Approach #3: Profile Density Change (PDC)

Here’s where things start to diverge from the previous document. As mentioned in the Introduction, Andy suggested exploring densities at different height ranges, rather than height quantiles, and differences therein, as potential predictors of fuel consumption. To do this, I used a Gaussian kernel density estimator with a 5cm bandwidth, calculated at every 5cm vertical interval from 0 to 30m in height. I calculated the difference between pre-fire and post-fire densities, and use those as predictors of fuel consumption. As with PAC, I also added in the pre-fire densities to give the model a sense for pre-fire structure, hopefully allowing it to make more forest-structure-specific predictions. First, I’ll plot out two density profiles for an example plot, one representing pre-fire densities, and one representing post-fire densities.

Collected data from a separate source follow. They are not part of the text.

lemma cells_ear_extend_subset:
  assumes "0 \<le> a" "a + 1 < int N"
  shows "cells (N + m) (ear_extend a m T)
           \<subseteq> insert {a..a + int m + 1} ((`) (shift_after a m) ` cells N T)"
proof
  fix S assume "S \<in> cells (N + m) (ear_extend a m T)"
  then have S: "S \<subseteq> {0..<int (N + m)}" "unsep (ear_extend a m T) S"
    and S_max: "\<And>S'. S \<subseteq> S' \<Longrightarrow> S' \<subseteq> {0..<int (N + m)} \<Longrightarrow> unsep (ear_extend a m T) S'
                  \<Longrightarrow> S' = S"
    by (auto simp: cells_def)
  from unsep_ear_cases[OF S(2)]
  show "S \<in> insert {a..a + int m + 1} ((`) (shift_after a m) ` cells N T)"
  proof
    assume "S \<subseteq> {a..a + int m + 1}"
    moreover have "{a..a + int m + 1} \<subseteq> {0..<int (N + m)}" using assms by auto
    ultimately have "{a..a + int m + 1} = S" using S_max unsep_ear_extend_ear by blast
    then show ?thesis by simp
  next
    assume "\<forall>v\<in>S. v \<le> a \<or> a + int m + 1 \<le> v"
    then have S_eq: "shift_after a m ` (shift_after a m -` S) = S"
      by (rule image_vimage_shift_after)
    note range_iff = shift_after_image_subset_iff[OF assms]
    have "shift_after a m -` S \<in> cells N T"
    proof (rule cellsI)
      show "shift_after a m -` S \<subseteq> {0..<int N}" using S(1) S_eq range_iff by metis
      show "unsep T (shift_after a m -` S)" using S(2) S_eq unsep_ear_extend_image by metis
      fix S1 assume S1: "shift_after a m -` S \<subseteq> S1" "S1 \<subseteq> {0..<int N}" "unsep T S1"
      have "shift_after a m ` S1 = S"
      proof (rule S_max)
        show "S \<subseteq> shift_after a m ` S1" using S1(1) S_eq by (metis image_mono)
      qed (use S1 range_iff unsep_ear_extend_image in auto)
      then show "S1 = shift_after a m -` S" by (auto simp: inj_vimage_image_eq[OF inj_shift_after])
    qed
    then show ?thesis using S_eq by blast
  qed
qed

lemma ear_in_cells_ear_extend:
  assumes "1 \<le> m" "0 \<le> a" "a + 1 < int N"
  shows "{a..a + int m + 1} \<in> cells (N + m) (ear_extend a m T)"
proof (rule cellsI)
  show "{a..a + int m + 1} \<subseteq> {0..<int (N + m)}" using assms by auto
  show "unsep (ear_extend a m T) {a..a + int m + 1}" by (rule unsep_ear_extend_ear)
  fix S'
  assume S': "{a..a + int m + 1} \<subseteq> S'" "S' \<subseteq> {0..<int (N + m)}" "unsep (ear_extend a m T) S'"
  then have "a + 1 \<in> S'" using assms by auto
  with unsep_ear_cases[of a m T S'] S' assms show "S' = {a..a + int m + 1}" by fastforce
qed

lemma shift_image_in_cells_ear_extend:
  assumes "0 \<le> a" "a + 1 < int N" and C: "C \<in> cells N T" "3 \<le> card C"
  shows "shift_after a m ` C \<in> cells (N + m) (ear_extend a m T)"
proof -
  from C have C_cell: "C \<subseteq> {0..<int N}" "unsep T C"
    and C_max: "\<And>S'. C \<subseteq> S' \<Longrightarrow> S' \<subseteq> {0..<int N} \<Longrightarrow> unsep T S' \<Longrightarrow> S' = C"
    by (auto simp: cells_def)
  note range_iff = shift_after_image_subset_iff[OF assms(1,2)]
  show ?thesis
  proof (rule cellsI)
    show "shift_after a m ` C \<subseteq> {0..<int (N + m)}" using C_cell range_iff by metis
    show "unsep (ear_extend a m T) (shift_after a m ` C)"
      using C_cell unsep_ear_extend_image by metis
    fix S' assume S': "shift_after a m ` C \<subseteq> S'" "S' \<subseteq> {0..<int (N + m)}"
      "unsep (ear_extend a m T) S'"
    from unsep_ear_cases[OF S'(3)] show "S' = shift_after a m ` C"
    proof
      assume S'_ear: "S' \<subseteq> {a..a + int m + 1}"
      have "c \<in> {a, a + 1}" if "c \<in> C" for c
      proof -
        have "shift_after a m c \<in> {a..a + int m + 1}" using that S'(1) S'_ear by blast
        then show ?thesis by (cases "c \<le> a") (auto simp: shift_after_def)
      qed
      then have "card C \<le> card {a, a + 1}" by (intro card_mono) auto
      then have "card C \<le> 2" by simp
      with C show ?thesis by simp
    next
      assume "\<forall>v\<in>S'. v \<le> a \<or> a + int m + 1 \<le> v"
      then have S'_eq: "shift_after a m ` (shift_after a m -` S') = S'"
        by (rule image_vimage_shift_after)
      have "shift_after a m -` S' = C"
      proof (rule C_max)
        show "C \<subseteq> shift_after a m -` S'" using S'(1) by auto
        show "shift_after a m -` S' \<subseteq> {0..<int N}" using S'(2) S'_eq range_iff by metis
        show "unsep T (shift_after a m -` S')" using S'(3) S'_eq unsep_ear_extend_image by metis
      qed
      with S'_eq show ?thesis by simp
    qed
  qed
qed

lemma cells_ear_extend:
  assumes "1 \<le> m" "0 \<le> a" "a + 1 < int N" and "\<forall>C\<in>cells N T. 3 \<le> card C"
  shows "cells (N + m) (ear_extend a m T)
           = insert {a..a + int m + 1} ((`) (shift_after a m) ` cells N T)"
  using assms cells_ear_extend_subset ear_in_cells_ear_extend shift_image_in_cells_ear_extend
  by (intro equalityI) auto

lemma finite_cells: "finite (cells N T)"
  by (rule finite_subset[of _ "Pow {0..<int N}"]) (auto simp: cells_def)

lemma card_cells_ear_extend:
  assumes "1 \<le> m" "0 \<le> a" "a + 1 < int N" and "\<forall>C\<in>cells N T. card C = m + 2"
  shows "\<forall>C\<in>cells (N + m) (ear_extend a m T). card C = m + 2"
  using assms by (simp add: cells_ear_extend card_image inj_on_subset[OF inj_shift_after])

lemma incidence_ear_extend:
  assumes "1 \<le> m" "0 \<le> a" "a + 1 < int N" and "\<forall>C\<in>cells N T. 3 \<le> card C"
  shows "incidence (N + m) (ear_extend a m T) v
           = (if v \<in> {a..a + int m + 1} then 1 else 0)
             + card {C \<in> cells N T. v \<in> shift_after a m ` C}"
proof -
  let ?E = "{a..a + int m + 1}" and ?shift = "(`) (shift_after a m)"
  have "?E \<notin> ?shift ` cells N T"
  proof
    assume "?E \<in> ?shift ` cells N T"
    moreover have "a + 1 \<in> ?E" using assms by simp
    ultimately obtain c where "a + 1 = shift_after a m c" by blast
    with assms show False by (auto simp: shift_after_def split: if_splits)
  qed
  then have E_notin: "?E \<notin> ?shift ` {C \<in> cells N T. v \<in> ?shift C}" by blast
  have "inj_on ?shift (cells N T)"
    by (rule inj_onI) (simp add: inj_image_eq_iff[OF inj_shift_after])
  then have card_shift:
    "card (?shift ` {C \<in> cells N T. v \<in> ?shift C}) = card {C \<in> cells N T. v \<in> ?shift C}"
    by (simp add: card_image inj_on_subset)
  have "{C \<in> insert ?E (?shift ` cells N T). v \<in> C}
      = (if v \<in> ?E then insert ?E else id) (?shift ` {C \<in> cells N T. v \<in> ?shift C})"
    by auto
  with E_notin card_shift finite_cells[of N T] show ?thesis
    unfolding incidence_def cells_ear_extend[OF assms] by simp
qed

The difference between the two at different heights should capture fuelbed-specific consumption (at least that’s the theory!).

Show Code
# define percentile metrics function
dens.fun <- function(z, bw = 0.05){
  z[z < 0] <- 0
  d <- density(z, bw, from = 0, to = 30, n = length(seq(0,30,bw)))
  dy <- as.list(d$y)
  names(dy) <- paste0("d.", d$x)
  return(dy)
}

# reproject plots to match crs of pre and pst ctgs
fuel.plots.pre <- fuel.plots |>
  st_as_sf() |>
  st_transform(st_crs(ctg.pre))
# fuel.plots.pst <- fuel.plots |>
#   st_as_sf() |>
#   st_transform(st_crs(ctg.pst))
fuel.plots.pst.ann <- fuel.plots |>
  st_as_sf() |>
  st_transform(st_crs(ctg.pst.ann)) |>
  subset(substr(Plot, 1, 1) %in% c("5", "7"))
fuel.plots.pst.mon <- fuel.plots |>
  st_as_sf() |>
  st_transform(st_crs(ctg.pst.ann)) |>
  subset(!substr(Plot, 1, 1) %in% c("5", "7"))

# run plot metrics
dens.pre <- plot_metrics(
  las = ctg.pre,
  func = ~dens.fun(Z),
  geometry = fuel.plots.pre,
  radius = 8
) |>
  st_drop_geometry()

# dens.pst <- plot_metrics(
#   las = ctg.pst,
#   func = ~dens.fun(Z),
#   geometry = fuel.plots.pst,
#   radius = 8
# ) |>
#   st_drop_geometry()
dens.pst.ann <- plot_metrics(
  las = ctg.pst.ann,
  func = ~dens.fun(Z),
  geometry = fuel.plots.pst.ann,
  radius = 8
) |>
  st_drop_geometry()
dens.pst.mon <- plot_metrics(
  las = ctg.pst.mon,
  func = ~dens.fun(Z),
  geometry = fuel.plots.pst.mon,
  radius = 8
) |>
  st_drop_geometry()

# merge the ann and mon datasets
dens.pst <- rbind(dens.pst.ann, dens.pst.mon)

# sort the data
dens.pre <- dens.pre[order(dens.pre$Plot),]
dens.pst <- dens.pst[order(dens.pst$Plot),]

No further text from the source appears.